Die dag mocht de Koninklijke Fanfare St.-Cecilia een herinneringsdiploma in ontvangst nemen n.a.v. de overgang naar 1ste afdeling.
1955 – 14 februari : Bouwpremie voor de veldwachter.
Brief van het Ministerie van Volksgezondheid en van het Gezin gericht aan de Burgemeester van Leest : “Ik heb de eer U te berichten dat de genaamde VAN HOOF Victor wonende te Leest Blaasveldstraat 23 bij ministrieel besluit nr 978 van 30/11/1954 toegelaten wordt tot het genot van een premie ten bedrage van fr 40.000 voor de aanbouw van een woonhuis te zijnen behoeve in uw gemeente. Het believe U me gedurende een tijdsbestek van tien jaar, met ingang van de datum van het ministerieel besluit houdende toekenning van bedoelde premie, elke inschrijving en uitschrijving op het nieuw adres van belanghebbende in de bevolkingsregisters van uw gemeente te melden. Deze procedure zal me eventueel toelaten alle schikkingen te treffen welke vereist zijn door de reglementering op de premiën, ingeval van misbruik op de door de belanghebbende aangegane verbintenissen wordt waargenomen. Tot uw naricht valt op te merken dat de belanghebbende er zich o.a. toe verplicht heeft het woonhuis ter zake niet te vervreemden, het noch geheel, noch gedeeltelijk in huur te geven, erin geen handel te drijven, het niet te laten dienen voor drankhuis, spijshuis of herberg. Als ontvangstbewijs van onderhavig schrijven, zou ik U dank weten mij onderstaande strook, behoorlijk ondertekend en voorzien van het zegel der gemeente, te willen terugsturen.”

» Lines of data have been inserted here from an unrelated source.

lemma cequiv_CApp: "cequiv M M' \<Longrightarrow> cequiv N N' \<Longrightarrow> cequiv (CApp M N) (CApp M' N')"
  by (rule equivclp_map2) (auto intro: c_app1 c_app2)

lemma cequiv_CLam: "cequiv A A' \<Longrightarrow> cequiv M M' \<Longrightarrow> cequiv (CLam A M) (CLam A' M')"
  by (rule equivclp_map2) (auto intro: c_lam1 c_lam2)

lemma cequiv_eta: "cequiv M (CApp (clift 0 N) (CVar 0)) \<Longrightarrow> cequiv (CLam A M) N"
  by (metis cequiv_CLam equivclp_refl equivclp_trans r_into_equivclp c_eta)

lemma cstep_csubst: "cstep s t \<Longrightarrow> cstep (csubst \<sigma> s) (csubst \<sigma> t)"
proof (induction arbitrary: \<sigma> rule: cstep.induct)
  case (c_beta A M N)
  show ?case by (simp add: csubst_cinst_single cstep.c_beta)
next
  case (c_eta A M)
  show ?case using cstep.c_eta by (simp add: csubst_cup_clift cup_def)
qed (auto intro: cstep.intros)

lemma cequiv_csubst: "cequiv s t \<Longrightarrow> cequiv (csubst \<sigma> s) (csubst \<sigma> t)"
  by (rule equivclp_map[where r = cstep]) (rule cstep_csubst)

lemma cequiv_csubst_pointwise: "(\<And>i. cequiv (\<sigma> i) (\<tau> i)) \<Longrightarrow> cequiv (csubst \<sigma> t) (csubst \<tau> t)"
proof (induction t arbitrary: \<sigma> \<tau>)
  case (CPi A B)
  have "cequiv (cup \<sigma> i) (cup \<tau> i)" for i
    using CPi.prems by (auto simp: cup_def clift_eq_csubst cequiv_csubst split: nat.split)
  then show ?case using CPi by (simp add: cequiv_CPi)
next
  case (CLam A M)
  have "cequiv (cup \<sigma> i) (cup \<tau> i)" for i
    using CLam.prems by (auto simp: cup_def clift_eq_csubst cequiv_csubst split: nat.split)
  then show ?case using CLam by (simp add: cequiv_CLam)
qed (simp_all add: cequiv_CApp)

lemma cequiv_cinst_args: "list_all2 cequiv ts us \<Longrightarrow> cequiv (cinst ts t) (cinst us t)"
  unfolding cinst_def
  by (rule cequiv_csubst_pointwise) (auto simp: csub_of_def list_all2_lengthD list_all2_nthD)

section \<open>Renaming and substitution for CC typing\<close>

abbreviation var_type :: "ctm list \<Rightarrow> nat \<Rightarrow> ctm" where
  "var_type \<Gamma> i \<equiv> (clift 0 ^^ Suc i) (\<Gamma> ! i)"

lemma ctyp_cwf: "ctyp \<Gamma> t T \<Longrightarrow> cwf \<Gamma>"
  by (induction rule: cwf_ctyp.inducts(2)[where ?P1.0 = "\<lambda>_. True"]) (auto elim: cwf.cases)

definition ctx_cclosed :: "ctm list \<Rightarrow> bool" where
  "ctx_cclosed \<Gamma> \<longleftrightarrow> (\<forall>i < length \<Gamma>. cclosed (length \<Gamma> - Suc i) (\<Gamma> ! i))"

lemma ctx_cclosed_Cons: "ctx_cclosed (A # \<Gamma>) \<longleftrightarrow> cclosed (length \<Gamma>) A \<and> ctx_cclosed \<Gamma>"
  by (auto simp: ctx_cclosed_def nth_Cons split: nat.split)

lemma ctyp_cclosed:
  "cwf \<Gamma> \<Longrightarrow> ctx_cclosed \<Gamma>"
  "ctyp \<Gamma> t T \<Longrightarrow> ctx_cclosed \<Gamma> \<and> cclosed (length \<Gamma>) t"
  by (induction rule: cwf_ctyp.inducts) (auto simp: ctx_cclosed_Cons ctx_cclosed_def[of "[]"])

(* ctyp with the domain of a lambda typed explicitly, so that rule induction provides an
   induction hypothesis for it; ctyp_imp_ctyp' shows the extra premise is derivable. *)
inductive cwf' :: "ctm list \<Rightarrow> bool"
  and ctyp' :: "ctm list \<Rightarrow> ctm \<Rightarrow> ctm \<Rightarrow> bool" where
  cwf'_empty: "cwf' []"
| cwf'_cons: "cwf' \<Gamma> \<Longrightarrow> ctyp' \<Gamma> A (CU i) \<Longrightarrow> cwf' (A # \<Gamma>)"
| ct'_var: "cwf' \<Gamma> \<Longrightarrow> i < length \<Gamma> \<Longrightarrow> ctyp' \<Gamma> (CVar i) (var_type \<Gamma> i)"
| ct'_univ: "cwf' \<Gamma> \<Longrightarrow> ctyp' \<Gamma> (CU i) (CU (Suc i))"
| ct'_pi: "ctyp' \<Gamma> A (CU i) \<Longrightarrow> ctyp' (A # \<Gamma>) B (CU j) \<Longrightarrow> ctyp' \<Gamma> (CPi A B) (CU (max i j))"
| ct'_app: "ctyp' \<Gamma> M (CPi A B) \<Longrightarrow> ctyp' \<Gamma> N A \<Longrightarrow> ctyp' \<Gamma> (CApp M N) (cinst [N] B)"
| ct'_lam: "ctyp' \<Gamma> A (CU i) \<Longrightarrow> ctyp' (A # \<Gamma>) M B \<Longrightarrow> ctyp' \<Gamma> (CLam A M) (CPi A B)"
| ct'_conv: "ctyp' \<Gamma> M A \<Longrightarrow> cequiv A B \<Longrightarrow> ctyp' \<Gamma> B (CU i) \<Longrightarrow> ctyp' \<Gamma> M B"

lemma ctyp'_cwf': "ctyp' \<Gamma> t T \<Longrightarrow> cwf' \<Gamma>"
  by (induction rule: cwf'_ctyp'.inducts(2)[where ?P1.0 = "\<lambda>_. True"]) (auto elim: cwf'.cases)

lemma ctyp_imp_ctyp': "cwf \<Gamma> \<Longrightarrow> cwf' \<Gamma>" "ctyp \<Gamma> t T \<Longrightarrow> ctyp' \<Gamma> t T"
proof (induction rule: cwf_ctyp.inducts)
  case (ct_lam A \<Gamma> M B)
  then obtain i where "ctyp' \<Gamma> A (CU i)" by (auto dest: ctyp'_cwf' elim: cwf'.cases)
  with ct_lam show ?case by (blast intro: ct'_lam)
qed (blast intro: cwf'_ctyp'.intros)+

definition cren :: "(nat \<Rightarrow> nat) \<Rightarrow> nat \<Rightarrow> ctm" where
  "cren \<rho> = CVar \<circ> \<rho>"

definition ren_up :: "(nat \<Rightarrow> nat) \<Rightarrow> nat \<Rightarrow> nat" where
  "ren_up \<rho> i = (case i of 0 \<Rightarrow> 0 | Suc j \<Rightarrow> Suc (\<rho> j))"

lemma cup_cren: "cup (cren \<rho>) = cren (ren_up \<rho>)"
  by (rule ext) (simp add: cup_def cren_def ren_up_def split: nat.split)

definition ren_typed :: "ctm list \<Rightarrow> (nat \<Rightarrow> nat) \<Rightarrow> ctm list \<Rightarrow> bool" where
  "ren_typed \<Gamma> \<rho> \<Theta> \<longleftrightarrow>
     (\<forall>i < length \<Theta>. \<rho> i < length \<Gamma> \<and> var_type \<Gamma> (\<rho> i) = csubst (cren \<rho>) (var_type \<Theta> i))"

lemma ren_typed_up:
  "ren_typed \<Gamma> \<rho> \<Theta> \<Longrightarrow> ren_typed (csubst (cren \<rho>) A # \<Gamma>) (ren_up \<rho>) (A # \<Theta>)"
  by (auto simp: ren_typed_def ren_up_def nth_Cons cup_cren[symmetric] csubst_cup_clift
      split: nat.split)

lemma ctyp'_rename:
  "ctyp' \<Theta> t T \<Longrightarrow> cwf \<Gamma> \<Longrightarrow> ren_typed \<Gamma> \<rho> \<Theta> \<Longrightarrow>
     ctyp \<Gamma> (csubst (cren \<rho>) t) (csubst (cren \<rho>) T)"
proof (induction arbitrary: \<Gamma> \<rho> rule: cwf'_ctyp'.inducts(2)[where ?P1.0 = "\<lambda>_. True"])
  case (ct'_var \<Theta> i)
  then show ?case by (metis ren_typed_def cren_def comp_apply csubst.simps(1) ct_var)
next
  case (ct'_pi \<Theta> A i B j)
  then have A: "ctyp \<Gamma> (csubst (cren \<rho>) A) (CU i)" by simp
  with ct'_pi have "ctyp (csubst (cren \<rho>) A # \<Gamma>) (csubst (cup (cren \<rho>)) B) (CU j)"
    by (metis cwf_cons ren_typed_up cup_cren csubst.simps(2))
  with A show ?case by (simp add: ct_pi)
next
  case (ct'_lam \<Theta> A i M B)
  then have "ctyp \<Gamma> (csubst (cren \<rho>) A) (CU i)" by simp
  with ct'_lam have "ctyp (csubst (cren \<rho>) A # \<Gamma>) (csubst (cup (cren \<rho>)) M) (csubst (cup (cren \<rho>)) B)"
    by (metis cwf_cons ren_typed_up cup_cren)
  then show ?case by (simp add: ct_lam)
next
  case (ct'_app \<Theta> M A B N)
  then show ?case by (auto simp: csubst_cinst_single intro!: ct_app)
next
  case (ct'_conv \<Theta> M A B i)
  then show ?case by (metis cequiv_csubst csubst.simps(2) ct_conv)
qed (simp_all add: ct_univ)

lemma ctyp_weaken:
  assumes t: "ctyp \<Gamma> t T" and A: "ctyp \<Gamma> A (CU i)"
  shows "ctyp (A # \<Gamma>) (clift 0 t) (clift 0 T)"
proof -
  have shift: "cren Suc = CVar \<circ> liftidx 0" by (rule ext) (simp add: cren_def liftidx_def)
  have "cwf (A # \<Gamma>)" using A by (blast intro: cwf_cons ctyp_cwf)
  moreover have "ren_typed (A # \<Gamma>) Suc \<Gamma>" by (simp add: ren_typed_def shift clift_eq_csubst[symmetric])
  ultimately have "ctyp (A # \<Gamma>) (csubst (cren Suc) t) (csubst (cren Suc) T)"
    by (rule ctyp'_rename[OF ctyp_imp_ctyp'(2)[OF t]])
  then show ?thesis by (simp add: shift clift_eq_csubst[symmetric])
qed

definition subst_typed :: "ctm list \<Rightarrow> (nat \<Rightarrow> ctm) \<Rightarrow> ctm list \<Rightarrow> bool" where
  "subst_typed \<Gamma> \<sigma> \<Theta> \<longleftrightarrow> (\<forall>i < length \<Theta>. ctyp \<Gamma> (\<sigma> i) (csubst \<sigma> (var_type \<Theta> i)))"

lemma subst_typed_cup:
  assumes \<sigma>: "subst_typed \<Gamma> \<sigma> \<Theta>" and A: "ctyp \<Gamma> (csubst \<sigma> A) (CU i)"
  shows "subst_typed (csubst \<sigma> A # \<Gamma>) (cup \<sigma>) (A # \<Theta>)"
  unfolding subst_typed_def
proof (intro allI impI)
  fix k assume k: "k < length (A # \<Theta>)"
  have wf: "cwf (csubst \<sigma> A # \<Gamma>)" using A by (blast intro: cwf_cons ctyp_cwf)
  show "ctyp (csubst \<sigma> A # \<Gamma>) (cup \<sigma> k) (csubst (cup \<sigma>) (var_type (A # \<Theta>) k))"
  proof (cases k)
    case 0
    then show ?thesis using ct_var[OF wf, of 0] by (simp add: csubst_cup_clift cup_def)
  next
    case (Suc j)
    with k \<sigma> have "ctyp \<Gamma> (\<sigma> j) (csubst \<sigma> (var_type \<Theta> j))" by (simp add: subst_typed_def)
    from ctyp_weaken[OF this A] show ?thesis
      using Suc by (simp add: csubst_cup_clift cup_def)
  qed
qed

De garde bouwde, samen met zijn echtgenote Maria “Leonore” Mees, een huis in de Scheerstraat (Ten Moortele) met huisnummer 7.
Foto’s :
-Muzikale duizendpoot Pieter Verbeeck.
-Eucharistische Kruistochters in 1949 rond onderpastoor De Schutter. Bovenste rij v.l.n.r. : Paula Vloeberghen, Paula Beterams, Maria Verbruggen, Maria Scheers, Jozefien De Decker, Josée De Wit. Tweede rij : Hortense De Nijn, Maria Van Steen, Victoire Verschuren, Maria Spinnael, Carola Lamberts, Maria… Derde rij : Marie Louise Vloebergh, Mathilde Verbruggen, Virginie Absillis, De Donder, Godelieve Stuyck, Madeleine Verbruggen, Celine Selleslagh. Vierde rij : Augusta Jacobs, Maria Diddens, Godelieve Bradt, Paula Bradt, onderpastoor De Schutter, Jozefien Absillis, Louisette Van Baelen, Leontine Geens, Aline Van der Taelen. Onderste rij : Agnes Piessens, Maria Selleslagh, Maria Lamberts, Emilia Verbruggen, Jeanne Jacobs, Lisette Fierens, Roza Verlinden, Lutgard Hellemans, Paula Van de Ven. (Foto LG, blz. 189)
-Droogkomiek Theo Van den Bosch.
-Het Klein Kasteeltje.
-De woning van garde Van Hoof begin jaren ’60. Uiterst rechts kan men zien dat het huis van Theo Fierens nog moet gebouwd worden. In de wagen Miel Ceuppens en José Tourné, nicht van de garde.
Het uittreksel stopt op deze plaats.